Kenny Linzell

Personal information
- Born: 2nd quarter 1937 Orsett, Essex, England
- Occupation: Greyhound Trainer

Sport
- Sport: Greyhound racing

Achievements and titles
- National finals: Derby wins: English Derby (1990) Scottish Derby (1985) Classic/Feature wins: Cesarewitch (1989) Select Stakes (1985) East Anglian Derby (1986)

= Kenny Linzell =

British greyhound racing professional trainer

Kenneth W. Linzell (born 1937) also known as Kenny or Ken, is a former British greyhound trainer. He was UK Champion trainer in 1985 and twice winner of the Trainers Championship.

==Profile==
Linzell started training on the independent circuit taking runners regularly to Rayleigh Weir Stadium, Hinckley Greyhound Stadium and the West Suffolk Greyhound Stadium.

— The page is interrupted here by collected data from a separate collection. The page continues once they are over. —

lemma edist_eq_0_imp_eq:
  assumes "x \<in> Rd d" "y \<in> Rd d" "edist d x y = 0"
  shows "x = y"
proof
  fix i
  show "x i = y i"
  proof (cases "i < d")
    case True
    then show ?thesis using assms(3) abs_diff_le_edist[of i d x y] by simp
  next
    case False
    then show ?thesis using assms(1,2) by (simp add: Rd_def)
  qed
qed

lemma edist_le_diam:
  assumes "bounded_in d S" "x \<in> S" "y \<in> S"
  shows "edist d x y \<le> diam d S"
proof -
  obtain B where "\<forall>x\<in>S. \<forall>y\<in>S. edist d x y \<le> B"
    using assms(1) by (auto simp: bounded_in_def)
  then have "bdd_above {edist d x y | x y. x \<in> S \<and> y \<in> S}"
    by (auto intro!: bdd_aboveI[of _ B])
  then show ?thesis using assms by (auto simp: diam_def intro!: cSup_upper)
qed

lemma diam_le:
  assumes "\<And>x y. x \<in> S \<Longrightarrow> y \<in> S \<Longrightarrow> edist d x y \<le> B" "0 \<le> B"
  shows "diam d S \<le> B"
proof (cases "S = {}")
  case False
  then have "{edist d x y | x y. x \<in> S \<and> y \<in> S} \<noteq> {}" by auto
  then have "Sup {edist d x y | x y. x \<in> S \<and> y \<in> S} \<le> B"
    by (rule cSup_least) (use assms in auto)
  then show ?thesis using False by (simp add: diam_def)
qed (use assms in \<open>simp add: diam_def\<close>)

lemma diam_nonneg:
  assumes "bounded_in d S"
  shows "0 \<le> diam d S"
proof (cases "S = {}")
  case False
  then obtain x where "x \<in> S" by auto
  then show ?thesis using edist_le_diam[OF assms, of x x] by simp
qed (simp add: diam_def)

section \<open>Lattice points in an \<open>\<ell>\<^sub>1\<close>-ball\<close>

definition l1_lattice_ball :: "nat \<Rightarrow> nat \<Rightarrow> (nat \<Rightarrow> int) set" where
  "l1_lattice_ball d t =
     {u \<in> PiE {..<d} (\<lambda>_. {-int (d*t)..int (d*t)}). (\<Sum>i<d. \<bar>u i\<bar>) \<le> int (d*t)}"

lemma finite_l1_lattice_ball: "finite (l1_lattice_ball d t)"
  unfolding l1_lattice_ball_def by (intro finite_Collect_conjI disjI1) (simp add: finite_PiE)

lemma sum_power_abs_symmetric_le:
  fixes x :: real
  assumes "0 \<le> x"
  shows "(\<Sum>k\<in>{-int n..int n}. x ^ nat \<bar>k\<bar>) \<le> 2 * (\<Sum>m<Suc n. x ^ m)"
proof (induction n)
  case 0
  then show ?case by simp
next
  case (Suc n)
  have eq: "{-int (Suc n)..int (Suc n)} = insert (int (Suc n)) (insert (- int (Suc n)) {-int n..int n})"
    by auto
  have n: "nat (1 + int n) = Suc n" "nat (int n + 1) = Suc n" by auto
  have "(\<Sum>k\<in>{-int (Suc n)..int (Suc n)}. x ^ nat \<bar>k\<bar>)
     = x ^ Suc n + (x ^ Suc n + (\<Sum>k\<in>{-int n..int n}. x ^ nat \<bar>k\<bar>))"
    unfolding eq by (subst sum.insert; simp add: n)+
  also have "\<dots> \<le> 2 * (\<Sum>m<Suc (Suc n). x ^ m)" using Suc.IH by simp
  finally show ?case .
qed

lemma sum_power_abs_le:
  fixes x :: real
  assumes "0 \<le> x" "x < 1"
  shows "(\<Sum>k\<in>{-int n..int n}. x ^ nat \<bar>k\<bar>) \<le> 2 / (1 - x)"
proof -
  have "(\<Sum>m<Suc n. x ^ m) = (1 - x ^ Suc n) / (1 - x)"
    using sum_gp_strict[of x "Suc n"] assms by simp
  also have "\<dots> \<le> 1 / (1 - x)" using assms by (intro divide_right_mono) auto
  finally show ?thesis using sum_power_abs_symmetric_le[OF assms(1), of n] by simp
qed

lemma one_plus_inverse_power_le_3: "(1 + 1 / real t) ^ t \<le> 3"
proof (cases "t = 0")
  case False
  then have "(1 + 1 / real t) ^ t \<le> exp 1"
    using exp_ge_one_plus_x_over_n_power_n[where x = 1 and n = t] by simp
  also have "\<dots> \<le> 3" by (rule exp_le)
  finally show ?thesis .
qed simp

text \<open>Rankin's trick: weighting each lattice point u by \<open>x^\<parallel>u\<parallel>\<^sub>1\<close> with \<open>x = t/(t+1)\<close> turns the
  count into a product of d geometric series, at the price of the factor \<open>x^-dt \<le> e^d\<close>.\<close>

lemma card_l1_lattice_ball_le:
  assumes t: "t \<ge> 1"
  shows "real (card (l1_lattice_ball d t)) \<le> (6 * real t + 6) ^ d"
proof -
  define x :: real where "x = real t / (real t + 1)"
  have x0: "0 < x" and x1: "x < 1" using t by (auto simp: x_def)
  define B where "B = PiE {..<d} (\<lambda>_. {-int (d*t)..int (d*t)})"
  define S where "S = l1_lattice_ball d t"
  have finB: "finite B" unfolding B_def by (intro finite_PiE) auto
  have SB: "S \<subseteq> B" unfolding S_def B_def l1_lattice_ball_def by auto
  have weight: "x ^ (d*t) \<le> (\<Prod>i<d. x ^ nat \<bar>u i\<bar>)" if "u \<in> S" for u
  proof -
    have "int (\<Sum>i<d. nat \<bar>u i\<bar>) = (\<Sum>i<d. \<bar>u i\<bar>)" by simp
    then have "int (\<Sum>i<d. nat \<bar>u i\<bar>) \<le> int (d * t)"
      using that unfolding S_def l1_lattice_ball_def by simp
    then have "(\<Sum>i<d. nat \<bar>u i\<bar>) \<le> d * t" by linarith
    then have "x ^ (d * t) \<le> x ^ (\<Sum>i<d. nat \<bar>u i\<bar>)"
      using x0 x1 by (simp add: power_decreasing)
    then show ?thesis by (simp add: power_sum)
  qed
  have "2 / (1 - x) = 2 * (real t + 1)" unfolding x_def by (simp add: field_simps)
  then have row: "(\<Sum>k\<in>{-int (d*t)..int (d*t)}. x ^ nat \<bar>k\<bar>) \<le> 2 * (real t + 1)"
    using sum_power_abs_le[of x "d*t"] x0 x1 by simp
  have "real (card S) * x ^ (d*t) = (\<Sum>u\<in>S. x ^ (d*t))" by simp
  also have "\<dots> \<le> (\<Sum>u\<in>S. \<Prod>i<d. x ^ nat \<bar>u i\<bar>)" using weight by (intro sum_mono) auto
  also have "\<dots> \<le> (\<Sum>u\<in>B. \<Prod>i<d. x ^ nat \<bar>u i\<bar>)"
    using SB finB x0 by (intro sum_mono2) (auto intro!: prod_nonneg)
  also have "\<dots> = (\<Prod>i<d. \<Sum>k\<in>{-int (d*t)..int (d*t)}. x ^ nat \<bar>k\<bar>)"
    unfolding B_def by (rule prod_sum_PiE[symmetric]) auto
  also have "\<dots> = (\<Sum>k\<in>{-int (d*t)..int (d*t)}. x ^ nat \<bar>k\<bar>) ^ d" by simp
  also have "\<dots> \<le> (2 * (real t + 1)) ^ d"
    using row x0 by (intro power_mono sum_nonneg) auto
  finally have weighted: "real (card S) * x ^ (d*t) \<le> (2 * (real t + 1)) ^ d" .
  have "(1 / x) ^ t = (1 + 1 / real t) ^ t" unfolding x_def using t by (simp add: field_simps)
  then have e: "(1 / x) ^ t \<le> 3" using one_plus_inverse_power_le_3 by simp
  have "real (card S) = real (card S) * x ^ (d*t) * ((1/x) ^ t) ^ d"
    using x0 by (simp add: field_simps flip: power_mult)
  also have "\<dots> \<le> (2 * (real t + 1)) ^ d * 3 ^ d"
    using weighted e x0 by (intro mult_mono power_mono) auto
  also have "\<dots> = (6 * real t + 6) ^ d" by (simp add: power_mult_distrib[symmetric] algebra_simps)
  finally show ?thesis unfolding S_def .
qed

After gaining a National Greyhound Racing Club licence he had attachments at Ipswich Stadium, Southend Stadium and Hackney Wick Stadium.

Linzell's Burton Lodge kennels were based in Wickford, Essex and he secured a leading position within the industry when contracted at Walthamstow Stadium in 1983. In 1983 he trained Glatton Grange who won over £23,000 in prize money winning the Greyhound Breeders Forum Stakes, the British Breeders Forum Stakes and the International. The following year the brindle dog finished runner-up in the St Leger and reached the Grand Prix final.

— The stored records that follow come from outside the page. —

lemma Ffun_solution_over_time_tendsto_1:
  fixes x g :: "real \<Rightarrow> real"
  assumes x_pos: "\<And>t. t > 0 \<Longrightarrow> x t > 0"
    and x_ode: "\<And>t. t > 0 \<Longrightarrow> (x has_real_derivative - f (x t) + g t) (at t)"
    and g_nonneg: "\<And>t. t > 0 \<Longrightarrow> g t \<ge> 0"
    and quasi_mono: "\<And>u v. 0 < u \<Longrightarrow> u \<le> v \<Longrightarrow> v < \<eta> \<Longrightarrow> f u \<le> C * f v" and "\<eta> > 0"
    and g_lim: "(g \<longlongrightarrow> 0) at_top"
    and g_small: "((\<lambda>t. g t / f (Finv f t)) \<longlongrightarrow> 0) at_top"
  shows "((\<lambda>t. Ffun f (x t) / t) \<longlongrightarrow> 1) at_top"
proof -
  define w where "w t = Ffun f (x t) - t" for t
  have w_deriv: "(w has_real_derivative - (g t / f (x t))) (at t)" if "t > 0" for t
    unfolding w_def[abs_def] using Ffun_solution_deriv x_pos x_ode that by blast
  have w_antimono: "w t \<le> w s" if "0 < s" "s \<le> t" for s t
  proof (rule DERIV_nonpos_imp_nonincreasing[OF \<open>s \<le> t\<close>])
    fix r assume "s \<le> r"
    then have "r > 0" using \<open>0 < s\<close> by simp
    then show "\<exists>D. DERIV w r :> D \<and> D \<le> 0"
      using w_deriv[of r] g_nonneg[of r] f_pos[OF x_pos[of r]] by (intro exI[of _ "- (g r / f (x r))"]) simp
  qed
  have "((\<lambda>t. w t / t) \<longlongrightarrow> 0) at_top"
  proof (cases "\<forall>t>0. w t > 0")
    case True
    have "\<bar>w t\<bar> \<le> w 1" if "t \<ge> 1" for t
    proof -
      have "0 < w t" "w t \<le> w 1" using True w_antimono[of 1 t] that by auto
      then show ?thesis by simp
    qed
    then show ?thesis by (rule quotient_tendsto_0_if_bounded)
  next
    case False
    then obtain T0 where "T0 > 0" "w T0 \<le> 0" by (auto simp: not_less)
    have Finv_le_x: "Finv f t \<le> x t" if "t \<ge> T0" for t
    proof -
      have "t > 0" using \<open>T0 > 0\<close> that by simp
      then have "x t > 0" "Finv f t > 0" "Ffun f (Finv f t) = t"
        using x_pos Finv_inverse_nonneg[of t] by auto
      moreover have "w t \<le> 0" using w_antimono[OF \<open>T0 > 0\<close> that] \<open>w T0 \<le> 0\<close> by simp
      ultimately have "Ffun f (x t) \<le> Ffun f (Finv f t)" by (simp add: w_def)
      then show ?thesis using Ffun_le_iff \<open>x t > 0\<close> \<open>Finv f t > 0\<close> by blast
    qed
    have "((\<lambda>t. g t / f (x t)) \<longlongrightarrow> 0) at_top"
      using forcing_over_solution_tendsto_0[OF \<open>T0 > 0\<close> x_pos x_ode Finv_le_x quasi_mono \<open>\<eta> > 0\<close> g_lim g_small] .
    from tendsto_minus[OF this] have w'_lim: "((\<lambda>t. - (g t / f (x t))) \<longlongrightarrow> 0) at_top" by simp
    show ?thesis by (rule quotient_tendsto_0_if_deriv_tendsto_0[of 0 w "\<lambda>t. - (g t / f (x t))", OF w_deriv w'_lim])
  qed
  then have "((\<lambda>t. 1 + w t / t) \<longlongrightarrow> 1 + 0) at_top" by (intro tendsto_add tendsto_const)
  moreover have "eventually (\<lambda>t. 1 + w t / t = Ffun f (x t) / t) at_top"
    using eventually_gt_at_top[of 0] by eventually_elim (simp add: w_def field_simps)
  ultimately show ?thesis by (simp add: Lim_transform_eventually)
qed

end

theorem theorem1:
  fixes f g x \<phi> :: "real \<Rightarrow> real" and \<xi> \<delta> :: real
  assumes f_cont: "continuous_on UNIV f"
    and f_loclip: "\<forall>y. \<exists>e>0. \<exists>L. L-lipschitz_on (cball y e) f"
    and f0: "f 0 = 0"
    and f_sign: "\<forall>y. y \<noteq> 0 \<longrightarrow> y * f y > 0"
    and g_cont: "continuous_on {0..} g"
    and g_pos: "\<forall>t>0. g t > 0"
    and xi_pos: "\<xi> > 0"
    and F_lim: "filterlim (Ffun f) at_top (at_right 0)"
    and x_cont: "continuous_on {0..} x"
    and x_init: "x 0 = \<xi>"
    and x_ode: "\<forall>t>0. (x has_real_derivative (- f (x t) + g t)) (at t)"
    and delta_pos: "\<delta> > 0"
    and phi_mono: "mono_on {0<..<\<delta>} \<phi>"
    and phi_lim: "((\<lambda>y. f y / \<phi> y) \<longlongrightarrow> 1) (at_right 0)"
    and g_small: "((\<lambda>t. g t / f (Finv f t)) \<longlongrightarrow> 0) at_top"
  shows "((\<lambda>t. Ffun f (x t) / t) \<longlongrightarrow> 1) at_top"
proof -
  \<comment> \<open>Lipschitz continuity of \<open>f\<close> and continuity of \<open>g\<close> only serve existence and uniqueness of \<open>x\<close>.\<close>
  have f_pos: "f y > 0" if "y > 0" for y
    using f_sign that by (metis less_irrefl zero_less_mult_pos)
  have f_nonpos: "f y \<le> 0" if "y \<le> 0" for y
  proof (cases "y = 0")
    case False
    then have "y * f y > 0" using f_sign by auto
    then show ?thesis using that False by (auto simp: zero_less_mult_iff)
  qed (simp add: f0)
  interpret decay_rate f using f_cont f_pos F_lim by unfold_locales
  have x_pos: "x t > 0" if "t \<ge> 0" for t
  proof (rule pos_if_deriv_pos_at_nonpos[OF x_cont _ _ _ that])
    show "x 0 > 0" using x_init xi_pos by simp
    show "(x has_real_derivative - f (x s) + g s) (at s)" if "s > 0" for s
      using x_ode that by simp
    show "- f (x s) + g s > 0" if "s > 0" "x s \<le> 0" for s
      using f_nonpos[OF that(2)] g_pos that(1) by fastforce
  qed
  obtain \<eta> where "\<eta> > 0" and quasi_mono: "\<And>u v. 0 < u \<Longrightarrow> u \<le> v \<Longrightarrow> v < \<eta> \<Longrightarrow> f u \<le> 4 * f v"
    using quasi_mono_near_0_if_asymp_mono[OF f_pos phi_mono delta_pos phi_lim] by blast
  show ?thesis
  proof (rule Ffun_solution_over_time_tendsto_1[OF _ _ _ quasi_mono \<open>\<eta> > 0\<close>])
    show "(g \<longlongrightarrow> 0) at_top" by (rule tendsto_0_if_ratio_Finv_tendsto_0[OF f0 g_small])
  qed (use x_pos x_ode g_pos g_small in \<open>auto simp: less_imp_le\<close>)
qed

end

Linzell was Greyhound Trainer of the Year in 1985 and also won the Scottish Greyhound Derby and reached the 1985 English Greyhound Derby final with Smokey Pete.

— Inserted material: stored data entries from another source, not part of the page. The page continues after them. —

lemma well_separated_imp_diff_components:
  assumes gsc: "gsc_data N D" and conn: "connected (attractor N D)"
    and sep: "well_separated N D n x \<omega> \<tau>"
  shows "diff_components (attractor N D - {x}) (phiw N \<omega> ` attractor N D) (phiw N \<tau> ` attractor N D)"
proof -
  let ?F = "attractor N D" and ?S = "attractor N D - {x}"
  note inv = attractor_self_similar[OF gsc]
  have sep_levels: "diff_components (Ek N D (n + p) x) (phiw N \<omega> ` ?F) (phiw N \<tau> ` ?F)"
    if "p \<ge> 1" for p
    using sep that unfolding well_separated_def by blast
  have cells: "phiw N \<omega> ` ?F \<subseteq> ?S" "phiw N \<tau> ` ?F \<subseteq> ?S"
    using sep cell_subset[OF inv] unfolding well_separated_def Omega_def by blast+
  have "connected_component_set ?S a \<noteq> connected_component_set ?S b"
    if a: "a \<in> phiw N \<omega> ` ?F" and b: "b \<in> phiw N \<tau> ` ?F" for a b
  proof
    assume "connected_component_set ?S a = connected_component_set ?S b"
    then have "connected_component ?S a b"
      using a b cells by (auto simp: connected_component_eq_eq)
    then obtain k where "connected_component (Ek N D k x) a b"
      using connected_component_imp_connected_component_incseq[OF incseq_Ek[OF inv]]
        Ek_locally_connects[OF gsc conn] by blast
    moreover have "Ek N D k x \<subseteq> Ek N D (n + (k + 1)) x"
      using incseqD[OF incseq_Ek[OF inv]] by simp
    ultimately have "connected_component (Ek N D (n + (k + 1)) x) a b"
      by (rule connected_component_of_subset)
    moreover have "diff_components (Ek N D (n + (k + 1)) x) (phiw N \<omega> ` ?F) (phiw N \<tau> ` ?F)"
      using sep_levels[of "k + 1"] by simp
    ultimately show False
      using a b connected_component_eq unfolding diff_components_def by blast
  qed
  with cells show ?thesis
    unfolding diff_components_def by blast
qed

theorem mainTheorem16:
  fixes N :: nat and D :: "(nat \<times> nat) set" and x :: pt and n :: nat
    and \<omega> \<tau> :: "(nat \<times> nat) list"
  assumes "gsc_data N D"
    and "connected (attractor N D)"
    and "x \<in> attractor N D"
    and "n \<ge> 1"
    and "\<omega> \<in> words D n - Omega N D n x" and "\<tau> \<in> words D n - Omega N D n x"
    and "well_separated N D n x \<omega> \<tau>"
  shows "diff_components (attractor N D - {x})
           (phiw N \<omega> ` attractor N D) (phiw N \<tau> ` attractor N D)
         \<and> cut_point (attractor N D) x"
proof -
  have sep: "diff_components (attractor N D - {x})
               (phiw N \<omega> ` attractor N D) (phiw N \<tau> ` attractor N D)"
    using well_separated_imp_diff_components[OF assms(1,2,7)] .
  obtain a b where "a \<in> phiw N \<omega> ` attractor N D" "b \<in> phiw N \<tau> ` attractor N D"
    using attractor_nonempty[OF assms(1)] by blast
  with sep have "a \<in> attractor N D - {x}" "b \<in> attractor N D - {x}"
    "connected_component_set (attractor N D - {x}) a \<noteq> connected_component_set (attractor N D - {x}) b"
    unfolding diff_components_def by blast+
  then have "\<not> connected (attractor N D - {x})"
    using connected_component_eq_self by blast
  with sep assms(3) show ?thesis
    unfolding cut_point_def by blast
qed

end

He later won two Trainers Championship in 1985 and 1986 before winning the 1989 Cesarewitch with Minnies Siren. One year later he won the 1990 English Greyhound Derby with Slippy Blue. Also during 1990 he was represented in the Irish Greyhound Derby final by Rosden Speedy.

Linzell made the decision to leave Walthamstow in 1991, due to the track's trainer policy and he joined Romford Greyhound Stadium. Romford's racing schedule became too demanding and Linzell retired from the sport in 1999. He sold his Burton Lodge kennels to the Miles family, who then leased them to Linzell's former head man Paul Young. Brian Clemenson was also a former head man for Linzell.